* Requirement: Exactly as written, transcribe the lines that run from the one containing "(simp add: hadd_def)" to the end of the records below.

(Stored data)

..............................

lemma inversions_C_swap:
  assumes "1 \<le> k" "k < n"
  shows "inversions (pos_roots_C n) (x \<circ> swap_adj k) + (if root_val (EpsDiff k (Suc k)) x < 0 then 1 else 0)
       = inversions (pos_roots_C n) x + (if 0 < root_val (EpsDiff k (Suc k)) x then 1 else 0)"
proof (rule inversions_reflect[where f = "root_swap k"])
  show "EpsDiff k (Suc k) \<in> pos_roots_C n" using assms unfolding pos_roots_C_def pos_roots_A_def by auto
  show "root_swap k \<beta> \<in> pos_roots_C n - {EpsDiff k (Suc k)}" if "\<beta> \<in> pos_roots_C n - {EpsDiff k (Suc k)}" for \<beta>
    using that assms unfolding pos_roots_C_def pos_roots_A_def
    by (auto simp: transpose_def min_def max_def split: if_splits)
  show "root_swap k (root_swap k \<beta>) = \<beta>" if "\<beta> \<in> pos_roots_C n - {EpsDiff k (Suc k)}" for \<beta>
    using that unfolding pos_roots_C_def pos_roots_A_def
    by (auto simp: transpose_def min_def max_def split: if_splits)
  show "root_val \<beta> (x \<circ> swap_adj k) = root_val (root_swap k \<beta>) x" if "\<beta> \<in> pos_roots_C n - {EpsDiff k (Suc k)}" for \<beta>
    using that unfolding pos_roots_C_def pos_roots_A_def by (auto simp: min_def max_def)
qed (simp_all add: finite_pos_roots_C)

lemma inversions_C_negate:
  assumes "1 \<le> n"
  shows "inversions (pos_roots_C n) (x(n := - x n)) + (if root_val (EpsTwice n) x < 0 then 1 else 0)
       = inversions (pos_roots_C n) x + (if 0 < root_val (EpsTwice n) x then 1 else 0)"
proof (rule inversions_reflect[where f = "root_negate n"])
  show "EpsTwice n \<in> pos_roots_C n" using assms unfolding pos_roots_C_def by auto
  show "root_negate n \<beta> \<in> pos_roots_C n - {EpsTwice n}" if "\<beta> \<in> pos_roots_C n - {EpsTwice n}" for \<beta>
    using that assms unfolding pos_roots_C_def pos_roots_A_def by (auto split: if_splits)
  show "root_negate n (root_negate n \<beta>) = \<beta>" if "\<beta> \<in> pos_roots_C n - {EpsTwice n}" for \<beta>
    using that unfolding pos_roots_C_def pos_roots_A_def by auto
  show "root_val \<beta> (x(n := - x n)) = root_val (root_negate n \<beta>) x" if "\<beta> \<in> pos_roots_C n - {EpsTwice n}" for \<beta>
    using that unfolding pos_roots_C_def pos_roots_A_def by (auto split: if_splits)
qed (simp_all add: finite_pos_roots_C)

lemma inversions_C_srefl:
  assumes "k \<in> {1..n}"
  shows "inversions (pos_roots_C n) (srefl n k x) + (if root_val (simple_root_C n k) x < 0 then 1 else 0)
       = inversions (pos_roots_C n) x + (if 0 < root_val (simple_root_C n k) x then 1 else 0)"
proof (cases "k < n")
  case True
  then show ?thesis
    using assms inversions_C_swap[of k n x] by (simp add: srefl_eq_swap simple_root_C_def)
next
  case False
  then have "k = n" using assms by simp
  then show ?thesis
    using assms inversions_C_negate[of n x] by (simp add: srefl_eq_negate simple_root_C_def)
qed

context regular_dominant
begin

lemma no_inversions_C: "inversions (pos_roots_C n) v = 0"
proof -
  have pos: "0 < v i" if "1 \<le> i" "i \<le> n" for i using that positive by simp
  have "0 < root_val \<beta> v" if "\<beta> \<in> pos_roots_C n" for \<beta>
    using that strictly_decreasing by (fastforce simp: pos_roots_C_def pos_roots_A_def intro!: add_pos_pos pos)
  then have "{\<beta> \<in> pos_roots_C n. root_val \<beta> v < 0} = {}" by fastforce
  then show ?thesis unfolding inversions_def by (simp only: card.empty)
qed

lemma no_inversions_A: "inversions (pos_roots_A n) v = 0"
proof -
  have "{\<beta> \<in> pos_roots_A n. root_val \<beta> v < 0} = {}"
    using strictly_decreasing by (fastforce simp: pos_roots_A_def)
  then show ?thesis unfolding inversions_def by (simp only: card.empty)
qed

lemma perm_apply_nonneg:
  assumes "u \<in> signed_perms n {1}"
  shows "0 \<le> u v j"
proof -
  obtain \<epsilon> \<pi> where perm: "bij_betw \<pi> {1..n} {1..n}" and signs: "range \<epsilon> \<subseteq> {1}"
    and u: "u = signed_perm n \<epsilon> \<pi>"
    using assms by (rule signed_permsE)
  show ?thesis
  proof (cases "j \<in> {1..n}")
    case True
    then have "\<pi> j \<in> {1..n}" using perm by (auto dest: bij_betwE)
    then show ?thesis
      using True subsetD[OF signs rangeI, of j] positive[of "\<pi> j"] by (auto simp: u signed_perm_def)
  qed (simp add: u signed_perm_outside outside)
qed

sublocale C: inversion_count n "{1..n}" "pos_roots_C n" "simple_root_C n" v "\<lambda>j. - v j"
proof
  have gen: "gen n {1..n} \<subseteq> signed_perms n {-1, 1}"
    using W0_subset_signed_perms by (simp add: W0_def)
  show "inversions (pos_roots_C n) (srefl n k x) + (if root_val (simple_root_C n k) x < 0 then 1 else 0)
      = inversions (pos_roots_C n) x + (if 0 < root_val (simple_root_C n k) x then 1 else 0)"
    if "k \<in> {1..n}" for k x
    using that by (rule inversions_C_srefl)
  show "w v = v" if w: "w \<in> gen n {1..n}"
    and dominant: "\<And>k. k \<in> {1..n} \<Longrightarrow> 0 \<le> root_val (simple_root_C n k) (w v)" for w
  proof (rule signed_perm_dominant_fixes[where E = "{-1, 1}"])
    show "w v (Suc k) \<le> w v k" if "1 \<le> k" "k < n" for k
      using that dominant[of k] by (simp add: simple_root_C_def)
    show "0 \<le> w v n"
      using dominant[of n] signed_perms_outside[of w n _ 0 v] w gen outside[of 0]
      by (cases "n = 0") (auto simp: simple_root_C_def)
  qed (use w gen in auto)
  show "w v = (\<lambda>j. - v j)" if w: "w \<in> gen n {1..n}"
    and antidominant: "\<And>k. k \<in> {1..n} \<Longrightarrow> root_val (simple_root_C n k) (w v) \<le> 0" for w
  proof (rule signed_perm_antidominant)
    show "w v k \<le> w v (Suc k)" if "1 \<le> k" "k < n" for k
      using that antidominant[of k] by (simp add: simple_root_C_def)
    show "w v n \<le> 0"
      using antidominant[of n] signed_perms_outside[of w n _ 0 v] w gen outside[of 0]
      by (cases "n = 0") (auto simp: simple_root_C_def)
  qed (use w gen in auto)
  show "w1 = w2" if "w1 \<in> gen n {1..n}" "w2 \<in> gen n {1..n}" "w1 v = w2 v" for w1 w2
    using that gen by (intro signed_perm_apply_inj[where E = "{-1, 1}"]) auto
  show "simple_root_C n k \<in> pos_roots_C n" if "k \<in> {1..n}" for k
    using that by (auto simp: simple_root_C_def pos_roots_C_def pos_roots_A_def)
qed (simp_all add: finite_pos_roots_C no_inversions_C)

sublocale A: inversion_count n "{1..n-1}" "pos_roots_A n" "\<lambda>k. EpsDiff k (Suc k)" v "rev_coords n v"
proof
  note gen = gen_A_subset_signed_perms[of n]
  show "inversions (pos_roots_A n) (srefl n k x) + (if root_val (EpsDiff k (Suc k)) x < 0 then 1 else 0)
      = inversions (pos_roots_A n) x + (if 0 < root_val (EpsDiff k (Suc k)) x then 1 else 0)"
    if "k \<in> {1..n-1}" for k x
  proof -
    have "1 \<le> k" "k < n" using that by auto
    then show ?thesis using inversions_A_swap[of k n x] by (simp only: srefl_eq_swap)
  qed
  show "w v = v" if w: "w \<in> gen n {1..n-1}"
    and dominant: "\<And>k. k \<in> {1..n-1} \<Longrightarrow> 0 \<le> root_val (EpsDiff k (Suc k)) (w v)" for w
  proof (rule signed_perm_dominant_fixes[where E = "{1}"])
    show "w v (Suc k) \<le> w v k" if "1 \<le> k" "k < n" for k
      using that dominant[of k] by simp
  qed (use w gen perm_apply_nonneg in auto)
  show "w v = rev_coords n v" if w: "w \<in> gen n {1..n-1}"
    and antidominant: "\<And>k. k \<in> {1..n-1} \<Longrightarrow> root_val (EpsDiff k (Suc k)) (w v) \<le> 0" for w
  proof (rule perm_antidominant)
    show "w v k \<le> w v (Suc k)" if "1 \<le> k" "k < n" for k
      using that antidominant[of k] by simp
  qed (use w gen in auto)
  show "w1 = w2" if "w1 \<in> gen n {1..n-1}" "w2 \<in> gen n {1..n-1}" "w1 v = w2 v" for w1 w2
    using that gen by (intro signed_perm_apply_inj[where E = "{1}"]) auto
  show "EpsDiff k (Suc k) \<in> pos_roots_A n" if "k \<in> {1..n-1}" for k
    using that by (auto simp: pos_roots_A_def)
qed (auto simp: finite_pos_roots_A no_inversions_A)

lemma w0_apply: "w0 n \<in> W0 n" "w0 n v = (\<lambda>j. - v j)"
  unfolding w0_def W0_def by (fact C.longest_apply)+

lemma w0n_apply: "w0n n \<in> gen n {1..n-1}" "w0n n v = rev_coords n v"
  unfolding w0n_def by (fact A.longest_apply)+

end

section \<open>The pairing with rho-vee\<close>

definition rho_vec :: "nat \<Rightarrow> vec0" where
  "rho_vec n = (\<lambda>j. if j \<in> {1..n} then (2 * real n - 2 * real j + 1) / sqrt 2 else 0)"

lemma regular_dominant_rho_vec: "regular_dominant n (rho_vec n)"
  by unfold_locales (auto simp: rho_vec_def divide_strict_right_mono)

locale rho_vee_pairing =
  fixes n :: nat and rho :: "hstar \<Rightarrow> real"
  assumes rho_hadd: "rho (hadd u v) = rho u + rho v"
    and rho_hscale: "rho (hscale t u) = t * rho u"
    and rho_aroot: "i \<in> {0..n} \<Longrightarrow> rho (aroot n i) = 1"
    and n_pos: "1 \<le> n"
begin

lemma rho_vadd: "rho (vadd x y, 0, 0) = rho (x, 0, 0) + rho (y, 0, 0)"
  using rho_hadd[of "(x, 0, 0)" "(y, 0, 0)"] by (simp add: hadd_def)

lemma rho_vscale: "rho (vscale c x, 0, 0) = c * rho (x, 0, 0)"
  using rho_hscale[of c "(x, 0, 0)"] by (simp add: hscale_def)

..............................

* Result for this task:
  using rho_hadd[of "(x, 0, 0)" "(y, 0, 0)"] by (simp add: hadd_def)

lemma rho_vscale: "rho (vscale c x, 0, 0) = c * rho (x, 0, 0)"
  using rho_hscale[of c "(x, 0, 0)"] by (simp add: hscale_def)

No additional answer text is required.